*** Block opens ***
(* Let $q$ be a power of an odd prime, $k\ge2$, $0<r_1<r_2<\cdots<r_k<n$ integers, $a_1,\dots,a_k\in\mathbb{F}_{q^n}^*$ with the multiplicative order of $a_i$ dividing $q^{r_1}-1$ for all $i=2,\dots,k$, and $S(x)=\sum_{i=1}^k a_ix^{q^{r_i}}$. Then the following are equivalent: (1) $S(x)$ is a scattered polynomial of index $r_1$ over $\mathbb{F}_{q^n}$; (2) $S_{r_1}(x)=S(x)-a_1x^{q^{r_1}}=\sum_{i=2}^k a_ix^{q^{r_i}}$ is a scattered polynomial of index $r_1$ over $\mathbb{F}_{q^n}$; (3) $S^{r_1}_{r_1}(x)=\sum_{i=2}^k a_ix^{q^{r_i-r_1}}$ is a scattered polynomial of index $0$ over $\mathbb{F}_{q^n}$.
   Context: An $\mathbb{F}_q$-linearized polynomial $S\in\mathbb{F}_{q^n}[x]$ is a scattered polynomial of index $t$ over $\mathbb{F}_{q^n}$ if for all $y,z\in\mathbb{F}_{q^n}^*$, $\frac{S(y)}{y^{q^t}}=\frac{S(z)}{z^{q^t}}$ implies $y/z\in\mathbb{F}_q$. *)

theory Defs
  imports Main "HOL-Computational_Algebra.Primes"
begin

definition subfield_Fq :: "nat \<Rightarrow> 'a::field set" where
  "subfield_Fq q = {x. x ^ q = x}"

definition mult_order :: "'a::field \<Rightarrow> nat" where
  "mult_order a = (LEAST d. 0 < d \<and> a ^ d = 1)"

text \<open>S is scattered of index t over F_(q^n) (ambient field is the type 'a):
  for all nonzero y, z, S(y)/y^(q^t) = S(z)/z^(q^t) implies y/z in F_q.\<close>
definition scattered :: "nat \<Rightarrow> nat \<Rightarrow> ('a::field \<Rightarrow> 'a) \<Rightarrow> bool" where
  "scattered q t S \<longleftrightarrow>
     (\<forall>y z. y \<noteq> 0 \<longrightarrow> z \<noteq> 0 \<longrightarrow> S y / y ^ (q ^ t) = S z / z ^ (q ^ t)
        \<longrightarrow> y / z \<in> subfield_Fq q)"

end

theory Submission
  imports Defs "HOL-Number_Theory.Residues"
begin

text \<open>Put N = q^r1. Dropping the term a1 x^N shifts the quotient S(x)/x^N by the constant a1,
  so it does not change scatteredness of index r1. The order condition means a_i^N = a_i for
  i \<ge> 2; since x \<mapsto> x^N is additive, S_r1(x) = (S^r1_r1(x))^N, hence
  S_r1(x)/x^N = (S^r1_r1(x)/x)^N, and as x \<mapsto> x^N is also injective the two quotient
  conditions coincide.\<close>

lemma CHAR_eq_of_card_eq_prime_power:
  fixes p e :: nat
  assumes "prime p" "e \<ge> 1" "card (UNIV :: 'a::{finite,field} set) = p ^ e"
  shows "CHAR('a) = p"
proof -
  have prime_char: "prime CHAR('a)"
    using prime_CHAR_semidom[where 'a='a] finite_imp_CHAR_pos[where 'a='a] by simp
  have "CHAR('a) dvd p ^ e" using CHAR_dvd_CARD[where 'a='a] assms(3) by simp
  hence "CHAR('a) dvd p" using prime_char prime_dvd_power by blast
  thus ?thesis using prime_char assms(1) primes_dvd_imp_eq by blast
qed

lemma power_CHAR_power_eq_iff:
  fixes u v :: "'a::field"
  assumes "prime CHAR('a)" "N = CHAR('a) ^ e"
  shows "u ^ N = v ^ N \<longleftrightarrow> u = v"
proof
  assume "u ^ N = v ^ N"
  moreover have "u ^ N = (u - v) ^ N + v ^ N"
    using freshmans_dream'[OF assms, of "u - v" v] by simp
  ultimately have "(u - v) ^ N = 0" by simp
  thus "u = v" by simp
qed simp

lemma power_mult_order:
  fixes a :: "'a::{finite,field}"
  assumes "a \<noteq> 0"
  shows "a ^ mult_order a = 1"
proof -
  have "\<not> inj (\<lambda>n::nat. a ^ n)"
  proof
    assume "inj (\<lambda>n::nat. a ^ n)"
    hence "infinite (range (\<lambda>n::nat. a ^ n))"
      using finite_imageD infinite_UNIV_nat by blast
    thus False by simp
  qed
  then obtain i j :: nat where ij: "a ^ i = a ^ j" "i < j"
    unfolding inj_def by (metis linorder_neqE_nat)
  have "a ^ j = a ^ i * a ^ (j - i)"
    using ij(2) by (simp flip: power_add)
  hence "a ^ i * a ^ (j - i) = a ^ i * 1" using ij(1) by simp
  hence "a ^ (j - i) = 1" using assms by simp
  hence "\<exists>d. 0 < d \<and> a ^ d = 1" using ij(2) by (intro exI[of _ "j - i"]) auto
  then show ?thesis unfolding mult_order_def by (rule LeastI2_ex) auto
qed

lemma power_eq_self_if_mult_order_dvd:
  fixes a :: "'a::{finite,field}"
  assumes "a \<noteq> 0" "mult_order a dvd N - 1" "N \<ge> 1"
  shows "a ^ N = a"
proof -
  obtain c where c: "N - 1 = mult_order a * c" using assms(2) by blast
  have "a ^ (N - 1) = 1" unfolding c power_mult power_mult_order[OF assms(1)] by simp
  moreover have "a ^ N = a * a ^ (N - 1)"
    using assms(3) by (simp flip: power_Suc)
  ultimately show ?thesis by simp
qed

lemma scattered_add_monomial_iff:
  fixes S :: "'a::field \<Rightarrow> 'a"
  shows "scattered q t (\<lambda>x. c * x ^ (q ^ t) + S x) \<longleftrightarrow> scattered q t S"
  unfolding scattered_def
proof (intro iff_allI imp_cong refl)
  fix y z :: 'a assume "y \<noteq> 0" "z \<noteq> 0"
  thus "((c * y ^ q ^ t + S y) / y ^ q ^ t = (c * z ^ q ^ t + S z) / z ^ q ^ t)
      = (S y / y ^ q ^ t = S z / z ^ q ^ t)"
    by (simp add: add_divide_distrib)
qed

lemma scattered_iff_scattered_Frobenius_root:
  fixes S T :: "'a::field \<Rightarrow> 'a"
  assumes "prime CHAR('a)" "q ^ t = CHAR('a) ^ e" "\<And>x. S x = T x ^ (q ^ t)"
  shows "scattered q t S \<longleftrightarrow> scattered q 0 T"
  unfolding scattered_def
proof (intro iff_allI imp_cong refl)
  fix y z :: 'a
  have "S y / y ^ q ^ t = (T y / y) ^ q ^ t" "S z / z ^ q ^ t = (T z / z) ^ q ^ t"
    by (simp_all add: assms(3) power_divide)
  thus "(S y / y ^ q ^ t = S z / z ^ q ^ t) = (T y / y ^ q ^ 0 = T z / z ^ q ^ 0)"
    using power_CHAR_power_eq_iff[OF assms(1,2)] by simp
qed

lemma linearized_sum_power_CHAR_power:
  fixes a :: "nat \<Rightarrow> 'a::field"
  assumes "prime CHAR('a)" "q ^ t = CHAR('a) ^ e"
    and "\<And>i. i \<in> I \<Longrightarrow> a i ^ q ^ t = a i" "\<And>i. i \<in> I \<Longrightarrow> t \<le> s i"
  shows "(\<Sum>i\<in>I. a i * x ^ q ^ (s i - t)) ^ q ^ t = (\<Sum>i\<in>I. a i * x ^ q ^ s i)"
proof -
  have "(\<Sum>i\<in>I. a i * x ^ q ^ (s i - t)) ^ q ^ t = (\<Sum>i\<in>I. (a i * x ^ q ^ (s i - t)) ^ q ^ t)"
    by (rule freshmans_dream_sum'[OF assms(1,2)])
  also have "\<dots> = (\<Sum>i\<in>I. a i * x ^ q ^ s i)"
  proof (rule sum.cong[OF refl])
    fix i assume "i \<in> I"
    hence "q ^ (s i - t) * q ^ t = q ^ s i" using assms(4) by (simp flip: power_add)
    thus "(a i * x ^ q ^ (s i - t)) ^ q ^ t = a i * x ^ q ^ s i"
      using assms(3)[OF \<open>i \<in> I\<close>] by (simp add: power_mult_distrib flip: power_mult)
  qed
  finally show ?thesis .
qed

theorem mainTheorem5:
  fixes p m n k :: nat and r :: "nat \<Rightarrow> nat" and a :: "nat \<Rightarrow> 'a::{finite,field}"
  assumes "prime p" and "odd p" and "m \<ge> 1"
    and card: "card (UNIV :: 'a set) = (p ^ m) ^ n"
    and "k \<ge> 2"
    and "0 < r 1" and "strict_mono_on {1..k} r" and "r k < n"
    and "\<forall>i\<in>{1..k}. a i \<noteq> 0"
    and "\<forall>i\<in>{2..k}. mult_order (a i) dvd ((p ^ m) ^ r 1 - 1)"
  shows "(scattered (p ^ m) (r 1) (\<lambda>x. \<Sum>i=1..k. a i * x ^ ((p ^ m) ^ r i))
            \<longleftrightarrow> scattered (p ^ m) (r 1) (\<lambda>x. \<Sum>i=2..k. a i * x ^ ((p ^ m) ^ r i)))
       \<and> (scattered (p ^ m) (r 1) (\<lambda>x. \<Sum>i=2..k. a i * x ^ ((p ^ m) ^ r i))
            \<longleftrightarrow> scattered (p ^ m) 0 (\<lambda>x. \<Sum>i=2..k. a i * x ^ ((p ^ m) ^ (r i - r 1))))"
proof -
  define Q where "Q = p ^ m"
  have r_less: "r 1 < r i" if "i \<in> {2..k}" for i
    using strict_mono_onD[OF assms(7)] that by auto
  have "r 1 < r k" using r_less assms(5) by simp
  hence "n \<ge> 1" using assms(8) by linarith
  hence char: "CHAR('a) = p"
    using CHAR_eq_of_card_eq_prime_power[of p "m * n"] assms(1,3) card by (simp add: power_mult)
  hence prime_char: "prime CHAR('a)" using assms(1) by simp
  have Q_char: "Q ^ r 1 = CHAR('a) ^ (m * r 1)" unfolding Q_def char by (simp add: power_mult)
  have "Q ^ r 1 \<ge> 1" unfolding Q_char using prime_char by (simp add: Suc_leI prime_gt_0_nat)
  hence fixed: "a i ^ Q ^ r 1 = a i" if "i \<in> {2..k}" for i
    using power_eq_self_if_mult_order_dvd[of "a i"] assms(9,10) that unfolding Q_def by auto
  have "(\<Sum>i=2..k. a i * x ^ (Q ^ r i)) = (\<Sum>i=2..k. a i * x ^ (Q ^ (r i - r 1))) ^ Q ^ r 1"
    for x :: 'a
    using linearized_sum_power_CHAR_power[where I="{2..k}" and s=r, OF prime_char Q_char fixed] r_less
    by (simp add: less_imp_le)
  hence root: "scattered Q (r 1) (\<lambda>x. \<Sum>i=2..k. a i * x ^ (Q ^ r i))
      \<longleftrightarrow> scattered Q 0 (\<lambda>x. \<Sum>i=2..k. a i * x ^ (Q ^ (r i - r 1)))"
    by (rule scattered_iff_scattered_Frobenius_root[OF prime_char Q_char])
  have "{1..k} = insert 1 {2..k}" using assms(5) by auto
  hence split: "(\<lambda>x. \<Sum>i=1..k. a i * x ^ (Q ^ r i))
      = (\<lambda>x. a 1 * x ^ Q ^ r 1 + (\<Sum>i=2..k. a i * x ^ (Q ^ r i)))" by simp
  show ?thesis unfolding Q_def[symmetric] split scattered_add_monomial_iff root by simp
qed

end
*** Block closes ***
TASK REQUIREMENTS:
Which lines of the records hold the string "obtain"? Copy each one.

SOLUTION FOR THIS PROBLEM:
  then obtain i j :: nat where ij: "a ^ i = a ^ j" "i < j"
  obtain c where c: "N - 1 = mult_order a * c" using assms(2) by blast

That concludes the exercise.